Dubai: Emirates NBD, majority-owned by the Dubai government, may attract funds to the emirate's first sukuk sale by a bank since 2007, with debt priced at a 150 basis-point discount to the government's Islamic bond.
The lender's Sharia-compliant unit is likely to attract investors with returns as low as 275 basis points above midswaps, or about 4 per cent, Albaraka Banking Group said. The yield on the Dubai government's non-rated 6.396 per cent sukuk maturing November 2014 was at 5.62 per cent at 12.06pm in Dubai. Emirates NBD, rated A3 by Moody's Investors Service, the seventh-highest investment grade, may report a 19 per cent gain in 2011 profit, according to data compiled by Bloomberg.
"Our tentative expectation for the sukuk's initial price guidance is in the area of 4 per cent and 4.25 per cent," Malek Khodr Temsah, Albaraka's assistant vice president of treasury and investment, wrote in a January 5 email.

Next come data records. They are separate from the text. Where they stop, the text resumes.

theorem mainTheorem4:
  fixes R :: "'a ring" and M :: "('a, 'b) rmodule"
  assumes "rmod R M"
  shows "(fin_sigma_rickart R M \<longrightarrow> add_fg_D2 R M TYPE('c)) \<and>
         (add_fg_D2 R M TYPE(nat \<Rightarrow> 'b) \<longrightarrow> fin_sigma_rickart R M)"
  using add_fg_D2_of_fin_sigma_rickart[OF assms] fin_sigma_rickart_of_add_fg_D2[OF assms] by blast

end
lemma upper_envelope_cases:
  "upper_envelope S x w = 0 \<or> (\<exists>z\<in>S. 0 < z \<and> z \<le> w \<and> upper_envelope S x w = x z)"
proof -
  have "upper_envelope S x w \<in> insert 0 (x ` {z\<in>S. 0 < z \<and> z \<le> w})"
    unfolding upper_envelope_def using finite_S by (intro Max_in) auto
  then show ?thesis by auto
qed

lemma upper_envelope_attained:
  "upper_envelope S x w = 0 \<or>
    (\<exists>z\<in>S. z \<le> w \<and> upper_envelope S x z = upper_envelope S x w)"
  using upper_envelope_cases[of x w] upper_envelope_ge upper_envelope_mono
  by (metis order.antisym order_refl)

lemma least_utility_nonneg: "0 \<le> least_utility S y v"
  unfolding least_utility_def using finite_S by simp

lemma least_utility_ge: "z \<in> S \<Longrightarrow> z < v \<Longrightarrow> (v - z) * y z \<le> least_utility S y v"
  unfolding least_utility_def using finite_S by (intro Max_ge) auto

lemma least_utility_le:
  "0 \<le> c \<Longrightarrow> (\<And>z. z \<in> S \<Longrightarrow> z < v \<Longrightarrow> (v - z) * y z \<le> c) \<Longrightarrow> least_utility S y v \<le> c"
  unfolding least_utility_def using finite_S by auto

lemma least_utility_increment:
  assumes "mono y" "\<And>w. 0 \<le> y w" "v1 \<le> v2"
  shows "least_utility S y v2 \<le> least_utility S y v1 + (v2 - v1) * y v2"
proof (rule least_utility_le)
  show "0 \<le> least_utility S y v1 + (v2 - v1) * y v2"
    using least_utility_nonneg assms by simp
  fix z assume z: "z \<in> S" "z < v2"
  have y_z: "y z \<le> y v2"
    using assms(1) z(2) by (simp add: monoD)
  show "(v2 - z) * y z \<le> least_utility S y v1 + (v2 - v1) * y v2"
  proof (cases "z < v1")
    case True
    have "(v2 - z) * y z = (v1 - z) * y z + (v2 - v1) * y z"
      by (simp add: algebra_simps)
    also have "\<dots> \<le> least_utility S y v1 + (v2 - v1) * y v2"
      using least_utility_ge[OF z(1) True] y_z assms(3)
      by (intro add_mono mult_left_mono) auto
    finally show ?thesis .
  next
    case False
    then have "(v2 - z) * y z \<le> (v2 - v1) * y v2"
      using y_z assms(2) z by (intro mult_mono) auto
    then show ?thesis using least_utility_nonneg by (simp add: add_increasing)
  qed
qed

lemma least_utility_nonpos:
  assumes "\<And>w. w \<le> 0 \<Longrightarrow> y w = 0" "v \<le> 0"
  shows "least_utility S y v = 0"
  using assms by (intro antisym least_utility_le least_utility_nonneg) auto

text \<open>The envelope is taken over positive support points only because monotonicity fails
  when y jumps at a negative value.\<close>

lemma mono_revenue_integrand:
  assumes "mono y" "\<And>w. 0 \<le> y w" "\<And>w. w \<le> 0 \<Longrightarrow> y w = 0"
  shows "mono (\<lambda>v. v * y v - least_utility S y v)"
proof -
  let ?g = "\<lambda>v. v * y v - least_utility S y v"
  have nonneg_le: "?g v1 \<le> ?g v2" if "0 \<le> v1" "v1 \<le> v2" for v1 v2
  proof -
    have "v1 * y v1 \<le> v1 * y v2"
      using that assms(1) by (simp add: mult_left_mono monoD)
    then show ?thesis
      using least_utility_increment[OF assms(1,2) \<open>v1 \<le> v2\<close>] by (simp add: algebra_simps)
  qed
  have nonpos: "?g v = ?g 0" if "v \<le> 0" for v
    using that assms(3) least_utility_nonpos[OF assms(3)] by simp
  show ?thesis
  proof (rule monoI)
    fix v1 v2 :: real assume "v1 \<le> v2"
    show "?g v1 \<le> ?g v2"
    proof (cases "0 \<le> v1")
      case True
      then show ?thesis using nonneg_le \<open>v1 \<le> v2\<close> by blast
    next
      case False
      then have "?g v1 = ?g 0" using nonpos by simp
      also have "\<dots> \<le> ?g v2"
        using nonneg_le[of 0 v2] nonpos[of v2] by (cases "0 \<le> v2") auto
      finally show ?thesis .
    qed
  qed
qed

end

lemma least_utility_le_of_attained:
  assumes "finite S" "finite S'" "\<And>w. 0 \<le> y w"
    and "\<And>w. w \<in> S \<Longrightarrow> y w = 0 \<or> (\<exists>z\<in>S'. z \<le> w \<and> y z = y w)"
  shows "least_utility S y v \<le> least_utility S' y v"
proof (rule least_utility_le[OF assms(1) least_utility_nonneg[OF assms(2)]])
  fix w assume w: "w \<in> S" "w < v"
  from assms(4)[OF w(1)] show "(v - w) * y w \<le> least_utility S' y v"
  proof
    assume "y w = 0"
    then show ?thesis using least_utility_nonneg[OF assms(2)] by simp
  next
    assume "\<exists>z\<in>S'. z \<le> w \<and> y z = y w"
    then obtain z where z: "z \<in> S'" "z \<le> w" "y z = y w" by blast
    have "(v - w) * y w \<le> (v - z) * y w"
      using z assms(3)[of w] by (intro mult_right_mono) auto
    also have "\<dots> = (v - z) * y z"
      using z(3) by simp
    also have "\<dots> \<le> least_utility S' y v"
      using least_utility_ge[OF assms(2) z(1)] z(2) w(2) by simp
    finally show ?thesis .
  qed
qed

The UAE's largest bank by assets may achieve pricing similar to lenders in wealthier Abu Dhabi "given Emirates NBD's strategic importance to the UAE and the inevitable implicitness of an Abu Dhabi backstop," he said.
Dubai, whose government-linked companies must repay $15.5 billion (Dh56.93 billion) this year, according to Bank of America Corp. Merrill Lynch estimates, received a $20 billion support in 2009 to restructure debt.
Issuance in 2007
Emirates Islamic Bank hired six lenders to manage the possible sale of a benchmark bond, a banker familiar with the transaction said last week. It last sold a sukuk in 2007, when it issued a $350 million floating-rate Islamic bond maturing this June. No bank in Dubai has issued an Islamic bond since, according to the data. The sukuk yielded 4.8 per cent on January 6.
The bank, which reported a drop in profit in the past two years, may say profit climbed to Dh2.79 billion from Dh2.34 billion in 2011, according to the mean estimate of seven analysts surveyed by Bloomberg. That's higher than the 4 per cent increase analysts forecast for National Bank of Abu Dhabi and 3 per cent at First Gulf Bank.
The bank, with a loan-to-deposit ratio of 115 per cent, has Dh8 billion of debt coming due in 2012.
Emirates NBD is also a key lender to units of state-controlled Dubai Holding LLC. One of the company's investment arms is in talks to reschedule at least $10 billion of liabilities. In October, Emirates NBD took over unprofitable Dubai Bank on orders from His Highness Shaikh Mohammad Bin Rashid Al Maktoum, Vice-President and Prime Minister of the UAE and Ruler of Dubai.
Strong fundamentals
"Despite investor concern about the bank's asset quality stemming from its exposure to both Dubai Inc. and the emirate's real estate sector, we take solace from the bank's bellwether position in the regional banking system and systematic importance, given its dominance of the UAE deposit and loans base," Albaraka's Temsah said.
The Dubai government's sukuk yields 124 basis points above the average rate on Islamic bond in the six-nation Gulf Cooperation Council, according to the HSBC/Nasdaq Dubai GCC US Dollar Sukuk Index.
The extra yield investors demand to hold Dubai government's sukuk over Malaysia's 3.928 per cent Islamic debt due June 2015 rose three basis points so far this year to 290.